### Task brief
Please return every line of the records that contains the word "rotated".

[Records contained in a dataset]
--*--

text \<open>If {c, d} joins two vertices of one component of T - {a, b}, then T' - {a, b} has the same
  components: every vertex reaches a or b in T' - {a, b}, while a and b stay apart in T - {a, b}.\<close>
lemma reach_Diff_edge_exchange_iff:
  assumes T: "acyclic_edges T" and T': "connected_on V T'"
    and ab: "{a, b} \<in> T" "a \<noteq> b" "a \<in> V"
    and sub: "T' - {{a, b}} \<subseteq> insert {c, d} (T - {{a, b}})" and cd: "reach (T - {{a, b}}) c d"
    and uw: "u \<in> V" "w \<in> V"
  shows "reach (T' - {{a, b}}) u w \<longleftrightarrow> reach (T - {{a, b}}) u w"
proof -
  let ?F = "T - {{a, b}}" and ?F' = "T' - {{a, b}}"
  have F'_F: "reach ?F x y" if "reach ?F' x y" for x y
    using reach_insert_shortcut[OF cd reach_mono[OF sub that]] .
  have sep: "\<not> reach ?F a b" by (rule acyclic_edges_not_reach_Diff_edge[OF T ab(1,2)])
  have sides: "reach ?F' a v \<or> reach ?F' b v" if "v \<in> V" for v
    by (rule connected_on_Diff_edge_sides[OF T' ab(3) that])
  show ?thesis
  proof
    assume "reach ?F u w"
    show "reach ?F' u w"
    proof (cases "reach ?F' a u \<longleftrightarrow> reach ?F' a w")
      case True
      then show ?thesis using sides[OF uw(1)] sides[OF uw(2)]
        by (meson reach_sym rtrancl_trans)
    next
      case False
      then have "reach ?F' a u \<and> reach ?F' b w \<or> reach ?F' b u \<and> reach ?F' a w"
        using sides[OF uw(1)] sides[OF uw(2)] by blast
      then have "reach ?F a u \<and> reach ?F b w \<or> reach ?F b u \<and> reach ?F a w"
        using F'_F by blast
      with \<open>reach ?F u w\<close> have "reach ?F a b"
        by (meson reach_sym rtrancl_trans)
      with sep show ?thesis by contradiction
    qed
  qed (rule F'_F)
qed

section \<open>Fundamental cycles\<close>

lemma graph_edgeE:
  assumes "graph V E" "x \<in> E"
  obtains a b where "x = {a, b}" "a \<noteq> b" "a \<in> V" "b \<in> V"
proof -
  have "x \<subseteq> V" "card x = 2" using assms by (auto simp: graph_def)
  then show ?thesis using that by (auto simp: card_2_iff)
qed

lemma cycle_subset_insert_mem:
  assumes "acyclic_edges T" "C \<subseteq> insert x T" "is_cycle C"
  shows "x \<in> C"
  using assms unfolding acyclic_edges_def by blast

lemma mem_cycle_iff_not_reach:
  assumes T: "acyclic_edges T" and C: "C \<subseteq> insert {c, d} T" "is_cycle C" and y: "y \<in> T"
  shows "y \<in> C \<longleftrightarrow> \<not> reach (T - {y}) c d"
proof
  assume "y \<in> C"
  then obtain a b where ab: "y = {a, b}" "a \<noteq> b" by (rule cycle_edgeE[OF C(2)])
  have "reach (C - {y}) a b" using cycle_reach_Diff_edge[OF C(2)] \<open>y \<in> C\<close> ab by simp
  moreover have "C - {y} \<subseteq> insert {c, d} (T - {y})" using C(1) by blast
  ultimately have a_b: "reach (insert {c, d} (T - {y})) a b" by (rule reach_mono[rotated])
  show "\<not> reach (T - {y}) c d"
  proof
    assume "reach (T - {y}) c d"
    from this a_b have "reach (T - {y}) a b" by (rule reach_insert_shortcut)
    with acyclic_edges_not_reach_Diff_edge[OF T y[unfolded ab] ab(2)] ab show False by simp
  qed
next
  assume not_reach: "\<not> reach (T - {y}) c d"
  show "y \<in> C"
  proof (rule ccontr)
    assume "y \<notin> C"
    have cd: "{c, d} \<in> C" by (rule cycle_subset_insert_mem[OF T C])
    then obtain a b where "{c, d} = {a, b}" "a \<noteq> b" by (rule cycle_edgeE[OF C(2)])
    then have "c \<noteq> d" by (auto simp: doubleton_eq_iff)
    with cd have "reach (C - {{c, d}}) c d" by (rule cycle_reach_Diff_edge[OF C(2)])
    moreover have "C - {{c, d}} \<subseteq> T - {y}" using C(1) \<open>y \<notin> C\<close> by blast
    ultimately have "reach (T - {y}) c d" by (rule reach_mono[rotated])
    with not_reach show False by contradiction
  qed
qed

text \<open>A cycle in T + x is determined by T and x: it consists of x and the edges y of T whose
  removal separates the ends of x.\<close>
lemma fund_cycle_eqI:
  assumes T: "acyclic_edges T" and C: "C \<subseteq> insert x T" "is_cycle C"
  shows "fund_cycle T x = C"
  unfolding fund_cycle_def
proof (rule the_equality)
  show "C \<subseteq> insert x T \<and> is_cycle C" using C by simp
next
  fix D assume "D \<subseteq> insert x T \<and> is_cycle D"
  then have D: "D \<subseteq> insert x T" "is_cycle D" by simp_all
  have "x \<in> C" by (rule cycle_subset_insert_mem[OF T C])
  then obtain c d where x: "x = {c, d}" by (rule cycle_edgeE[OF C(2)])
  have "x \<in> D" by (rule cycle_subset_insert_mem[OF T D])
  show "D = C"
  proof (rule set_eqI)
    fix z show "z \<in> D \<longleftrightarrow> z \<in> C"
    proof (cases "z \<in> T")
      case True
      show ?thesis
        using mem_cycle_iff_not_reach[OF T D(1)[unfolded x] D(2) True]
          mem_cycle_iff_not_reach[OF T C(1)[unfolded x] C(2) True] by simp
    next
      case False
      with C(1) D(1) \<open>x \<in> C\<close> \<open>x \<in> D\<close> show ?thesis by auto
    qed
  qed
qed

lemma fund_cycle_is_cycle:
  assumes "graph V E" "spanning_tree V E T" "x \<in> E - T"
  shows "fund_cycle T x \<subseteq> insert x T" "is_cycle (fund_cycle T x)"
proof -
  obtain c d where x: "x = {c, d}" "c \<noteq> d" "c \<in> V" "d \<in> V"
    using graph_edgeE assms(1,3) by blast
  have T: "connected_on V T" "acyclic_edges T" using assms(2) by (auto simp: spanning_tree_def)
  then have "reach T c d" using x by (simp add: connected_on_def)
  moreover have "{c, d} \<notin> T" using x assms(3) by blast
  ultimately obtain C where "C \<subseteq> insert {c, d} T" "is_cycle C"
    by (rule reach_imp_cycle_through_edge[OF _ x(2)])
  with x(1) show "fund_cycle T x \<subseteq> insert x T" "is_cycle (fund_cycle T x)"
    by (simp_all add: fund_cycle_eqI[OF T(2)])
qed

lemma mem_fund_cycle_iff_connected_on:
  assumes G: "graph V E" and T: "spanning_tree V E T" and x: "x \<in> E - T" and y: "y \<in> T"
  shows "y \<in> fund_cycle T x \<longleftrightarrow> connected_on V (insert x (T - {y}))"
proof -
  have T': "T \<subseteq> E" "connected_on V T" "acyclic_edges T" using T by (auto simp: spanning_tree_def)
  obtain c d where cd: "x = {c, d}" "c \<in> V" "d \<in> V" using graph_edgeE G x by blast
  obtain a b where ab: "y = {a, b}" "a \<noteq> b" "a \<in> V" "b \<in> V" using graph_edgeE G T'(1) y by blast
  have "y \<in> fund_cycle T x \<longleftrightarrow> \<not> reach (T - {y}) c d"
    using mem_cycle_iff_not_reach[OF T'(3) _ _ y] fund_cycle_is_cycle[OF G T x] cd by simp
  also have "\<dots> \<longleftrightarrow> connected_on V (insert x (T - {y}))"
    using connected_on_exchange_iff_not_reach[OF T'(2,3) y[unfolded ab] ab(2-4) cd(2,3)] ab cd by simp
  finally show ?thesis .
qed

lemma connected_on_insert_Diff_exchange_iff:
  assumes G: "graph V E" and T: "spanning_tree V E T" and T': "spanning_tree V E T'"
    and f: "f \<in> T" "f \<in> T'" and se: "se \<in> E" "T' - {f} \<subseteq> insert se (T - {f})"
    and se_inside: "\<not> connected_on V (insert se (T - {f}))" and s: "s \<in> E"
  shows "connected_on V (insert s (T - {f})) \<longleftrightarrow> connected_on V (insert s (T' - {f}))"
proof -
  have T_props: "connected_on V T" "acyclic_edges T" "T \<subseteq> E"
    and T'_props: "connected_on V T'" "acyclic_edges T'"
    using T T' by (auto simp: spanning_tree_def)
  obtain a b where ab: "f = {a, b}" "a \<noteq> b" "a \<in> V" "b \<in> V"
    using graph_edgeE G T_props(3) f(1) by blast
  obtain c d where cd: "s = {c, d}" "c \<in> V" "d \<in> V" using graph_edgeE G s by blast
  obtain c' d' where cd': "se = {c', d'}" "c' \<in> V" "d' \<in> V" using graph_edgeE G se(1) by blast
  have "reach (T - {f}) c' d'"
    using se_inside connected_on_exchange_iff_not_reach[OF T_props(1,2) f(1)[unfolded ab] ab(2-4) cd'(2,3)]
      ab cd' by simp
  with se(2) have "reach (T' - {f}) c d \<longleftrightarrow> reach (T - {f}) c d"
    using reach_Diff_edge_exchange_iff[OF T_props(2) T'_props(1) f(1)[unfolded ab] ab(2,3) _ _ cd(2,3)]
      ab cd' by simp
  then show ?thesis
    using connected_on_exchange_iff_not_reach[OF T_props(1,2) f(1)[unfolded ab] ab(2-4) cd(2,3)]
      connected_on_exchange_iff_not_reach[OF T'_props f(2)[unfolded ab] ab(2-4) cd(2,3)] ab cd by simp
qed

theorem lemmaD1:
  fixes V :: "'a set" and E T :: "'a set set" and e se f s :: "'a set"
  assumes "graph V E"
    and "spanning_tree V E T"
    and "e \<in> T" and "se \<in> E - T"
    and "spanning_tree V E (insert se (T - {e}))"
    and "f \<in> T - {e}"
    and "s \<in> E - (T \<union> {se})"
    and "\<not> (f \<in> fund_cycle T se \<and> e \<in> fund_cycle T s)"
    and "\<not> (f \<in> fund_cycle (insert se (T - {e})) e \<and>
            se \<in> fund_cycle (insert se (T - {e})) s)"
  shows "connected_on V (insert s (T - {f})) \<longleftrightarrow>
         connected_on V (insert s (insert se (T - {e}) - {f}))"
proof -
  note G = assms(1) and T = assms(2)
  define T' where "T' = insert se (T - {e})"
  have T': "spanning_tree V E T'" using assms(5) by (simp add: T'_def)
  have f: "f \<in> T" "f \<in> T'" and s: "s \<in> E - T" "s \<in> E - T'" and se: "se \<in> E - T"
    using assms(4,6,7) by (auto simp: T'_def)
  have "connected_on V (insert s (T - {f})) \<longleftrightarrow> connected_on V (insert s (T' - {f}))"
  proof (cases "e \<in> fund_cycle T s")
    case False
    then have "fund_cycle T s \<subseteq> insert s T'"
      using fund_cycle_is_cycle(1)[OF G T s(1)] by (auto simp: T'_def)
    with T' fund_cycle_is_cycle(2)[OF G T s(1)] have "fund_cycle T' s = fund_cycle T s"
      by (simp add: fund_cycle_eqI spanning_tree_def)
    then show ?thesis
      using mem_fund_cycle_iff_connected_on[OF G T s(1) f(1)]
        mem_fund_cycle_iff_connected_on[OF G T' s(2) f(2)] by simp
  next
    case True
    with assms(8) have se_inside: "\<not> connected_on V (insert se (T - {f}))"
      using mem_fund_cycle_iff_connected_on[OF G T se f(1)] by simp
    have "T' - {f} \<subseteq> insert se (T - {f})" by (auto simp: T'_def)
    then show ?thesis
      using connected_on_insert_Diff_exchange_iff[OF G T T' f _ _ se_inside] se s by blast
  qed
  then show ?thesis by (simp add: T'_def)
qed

--*--

### Final answer
  ultimately have a_b: "reach (insert {c, d} (T - {y})) a b" by (rule reach_mono[rotated])
    ultimately have "reach (T - {y}) c d" by (rule reach_mono[rotated])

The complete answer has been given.